Не бросай рэп, музыку, занимайся, чем нравится. Спасибо, что позволил мне любить тебя.
Твой Хоби.”
Юнги опускается на колени, сминая листок в руках. Он, вроде, уже все слёзы выплакал, но они, блять, продолжают литься дождём, падают в сырую землю. Он не просрёт наследие Хосока – один из величайших кланов Кореи. Но и сам не сможет справиться. Сейчас Намджун на его стороне, только рад помочь справиться с этой ношей. Мужчина ждёт его в машине за изгородью кладбища.
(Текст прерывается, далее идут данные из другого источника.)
lemma card_paths_within_layer:
  assumes "x \<in> carrier G" "y \<in> carrier G" "u \<in> carrier G" "v \<in> carrier G" "i < m"
  shows "card {ab \<in> carrier G \<times> carrier G.
    gamma_adj G m (x, y, i) (fst ab, snd ab, i) \<and> gamma_adj G m (fst ab, snd ab, i) (u, v, i)} =
    (if (x, y) = (u, v) then 2 * (card (carrier G) - 1)
     else if rook_adj (x, y) (u, v) then card (carrier G) - 2 else 2)"
  using assms card_rook_common_neighbours[OF finite_carrier assms(1-4)]
  by (simp add: gamma_adj_same_layer[OF odd_m])

lemma card_paths_source_layer:
  assumes "x \<in> carrier G" "y \<in> carrier G" "u \<in> carrier G" "v \<in> carrier G"
    and "i < m" "j < m" "i \<noteq> j"
  shows "card {ab \<in> carrier G \<times> carrier G.
    gamma_adj G m (x, y, i) (fst ab, snd ab, i) \<and> gamma_adj G m (fst ab, snd ab, i) (u, v, j)} =
    (if (if cyclic_ahead m i j then u else v) = x \<otimes> y then 0 else 2)"
proof -
  have "{ab \<in> carrier G \<times> carrier G.
      gamma_adj G m (x, y, i) (fst ab, snd ab, i) \<and> gamma_adj G m (fst ab, snd ab, i) (u, v, j)} =
    {ab \<in> carrier G \<times> carrier G.
      rook_adj (x, y) ab \<and> fst ab \<otimes> snd ab = (if cyclic_ahead m i j then u else v)}"
    using assms by (auto simp: gamma_adj_same_layer[OF odd_m] gamma_adj_other_layer[OF odd_m])
  then show ?thesis
    using assms by (simp add: card_factorisations_rook_adj)
qed

lemma card_paths_target_layer:
  assumes "x \<in> carrier G" "y \<in> carrier G" "u \<in> carrier G" "v \<in> carrier G"
    and "i < m" "j < m" "i \<noteq> j"
  shows "card {ab \<in> carrier G \<times> carrier G.
    gamma_adj G m (x, y, i) (fst ab, snd ab, j) \<and> gamma_adj G m (fst ab, snd ab, j) (u, v, j)} =
    (if (if cyclic_ahead m i j then u else v) = x \<otimes> y then card (carrier G) - 1 else 1)"
proof -
  have "{ab \<in> carrier G \<times> carrier G.
      gamma_adj G m (x, y, i) (fst ab, snd ab, j) \<and> gamma_adj G m (fst ab, snd ab, j) (u, v, j)} =
    {ab \<in> carrier G \<times> carrier G.
      (if cyclic_ahead m i j then fst ab else snd ab) = x \<otimes> y \<and> rook_adj ab (u, v)}"
    using assms by (auto simp: gamma_adj_same_layer[OF odd_m] gamma_adj_other_layer[OF odd_m])
  then show ?thesis
    using assms finite_carrier
    by (cases "cyclic_ahead m i j") (auto simp: card_fst_eq_rook_adj card_snd_eq_rook_adj)
qed

lemma card_paths:
  assumes "p \<in> gamma_verts G m" "z \<in> gamma_verts G m"
  shows "card {w \<in> gamma_verts G m. gamma_adj G m p w \<and> gamma_adj G m w z} =
    (if p = z then 2 * card (carrier G) + m - 3
     else if gamma_adj G m p z then card (carrier G) + m - 3 else m + 1)"
proof -
  obtain x y i where p: "p = (x, y, i)" "x \<in> carrier G" "y \<in> carrier G" "i < m"
    using assms by (auto simp: gamma_verts_def)
  obtain u v j where z: "z = (u, v, j)" "u \<in> carrier G" "v \<in> carrier G" "j < m"
    using assms by (auto simp: gamma_verts_def)
  define g where "g l = card {ab \<in> carrier G \<times> carrier G.
    gamma_adj G m p (fst ab, snd ab, l) \<and> gamma_adj G m (fst ab, snd ab, l) z}" for l
  have paths: "card {w \<in> gamma_verts G m. gamma_adj G m p w \<and> gamma_adj G m w z} = sum g {0..<m}"
    unfolding g_def by (rule card_by_layers)
  have other: "g l = 1" if "l \<in> {0..<m}" "l \<noteq> i" "l \<noteq> j" for l
    unfolding g_def p z using that p z by (simp add: card_paths_other_layer)
  have n_pos: "0 < card (carrier G)"
    by (rule card_carrier_pos)
  show ?thesis
  proof (cases "i = j")
    case True
    have "sum g {0..<m} = g i + (m - 1)"
      using other p True by (subst sum_eq_except_one[where i = i and c = 1]) auto
    moreover have "g i = (if (x, y) = (u, v) then 2 * (card (carrier G) - 1)
        else if rook_adj (x, y) (u, v) then card (carrier G) - 2 else 2)"
      unfolding g_def p z using p z True by (simp add: card_paths_within_layer)
    moreover have "2 \<le> card (carrier G)" if "rook_adj (x, y) (u, v)"
      using that p z card_mono[OF finite_carrier, of "{x, u}"] card_mono[OF finite_carrier, of "{y, v}"]
      by (auto simp: rook_adj_def)
    ultimately show ?thesis
      unfolding paths using p z True n_pos
      by (auto simp: gamma_adj_same_layer[OF odd_m])
  next
    case False
    have "sum g {0..<m} = g i + g j + (m - 2)"
      using other p z False by (subst sum_eq_except_two[where i = i and j = j and c = 1]) auto
    moreover have "g i = (if (if cyclic_ahead m i j then u else v) = x \<otimes> y then 0 else 2)"
      unfolding g_def p z using p z False by (simp add: card_paths_source_layer)
    moreover have "g j = (if (if cyclic_ahead m i j then u else v) = x \<otimes> y
        then card (carrier G) - 1 else 1)"
      unfolding g_def p z using p z False by (simp add: card_paths_target_layer)
    moreover have "2 \<le> m"
      using p z False by auto
    ultimately show ?thesis
      unfolding paths using p z False n_pos
      by (auto simp: gamma_adj_other_layer[OF odd_m])
  qed
qed

end

theorem mainTheorem1:
  fixes G :: "('a, 'b) monoid_scheme" and n m :: nat
  assumes "group G" and "finite (carrier G)" and "card (carrier G) = n" and "n \<ge> 2"
    and "odd m" and "m \<ge> 3"
  shows "dsrg (gamma_verts G m) (gamma_adj G m)
           (m * n ^ 2) (m * n + n - 2) (2 * n + m - 3) (n + m - 3) (m + 1)"
proof -
  interpret gamma_digraph G m
    using assms by (simp add: gamma_digraph_def gamma_digraph_axioms_def)
  have "card (gamma_verts G m) = m * n ^ 2"
    using assms(3) by (simp add: gamma_verts_def card_cartesian_product power2_eq_square)
  moreover have "\<not> gamma_adj G m p p" if "p \<in> gamma_verts G m" for p
    using that odd_m by (auto simp: gamma_verts_def gamma_adj_same_layer rook_adj_def)
  ultimately show ?thesis
    unfolding dsrg_def
    using card_out_neighbours card_in_neighbours card_paths assms(3) finite_carrier
    by (simp add: gamma_verts_def)
qed

end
– Я отпускаю тебя, – шепчет Мин, стряхивая с надгробья капли своих слёз, – мы ещё встретимся, но у меня пока есть дела. А пока я отдам своё разбитое сердце другому, ты уж прости.
Юноша утирает лицо, глаза, поднимается и идёт прочь. Он этот город опустит в ад своими руками, сожжёт и пепел по ветру развеет. Горите.
Комментарий к XI
Чуваки, следующая будет последней
========== XII. ==========
Юнги треплет свои отросшие волосы, накручивает прядь на палец. Жалко так вот просто отрезать. Они стали тем последним звоночком, сигналом, что Мин Юнги умер, опущен на дно, гниёт там и разлагается. А теперь есть монстр, который всех до Гонконга доводит своим поведением. Ему нравится это главенство. Намджун, видимо, совсем не на это рассчитывал, потому злится, наматывает круги, ищет союзников. Но он не может совершить переворот никоим образом – с ума сходит от одной мысли потери.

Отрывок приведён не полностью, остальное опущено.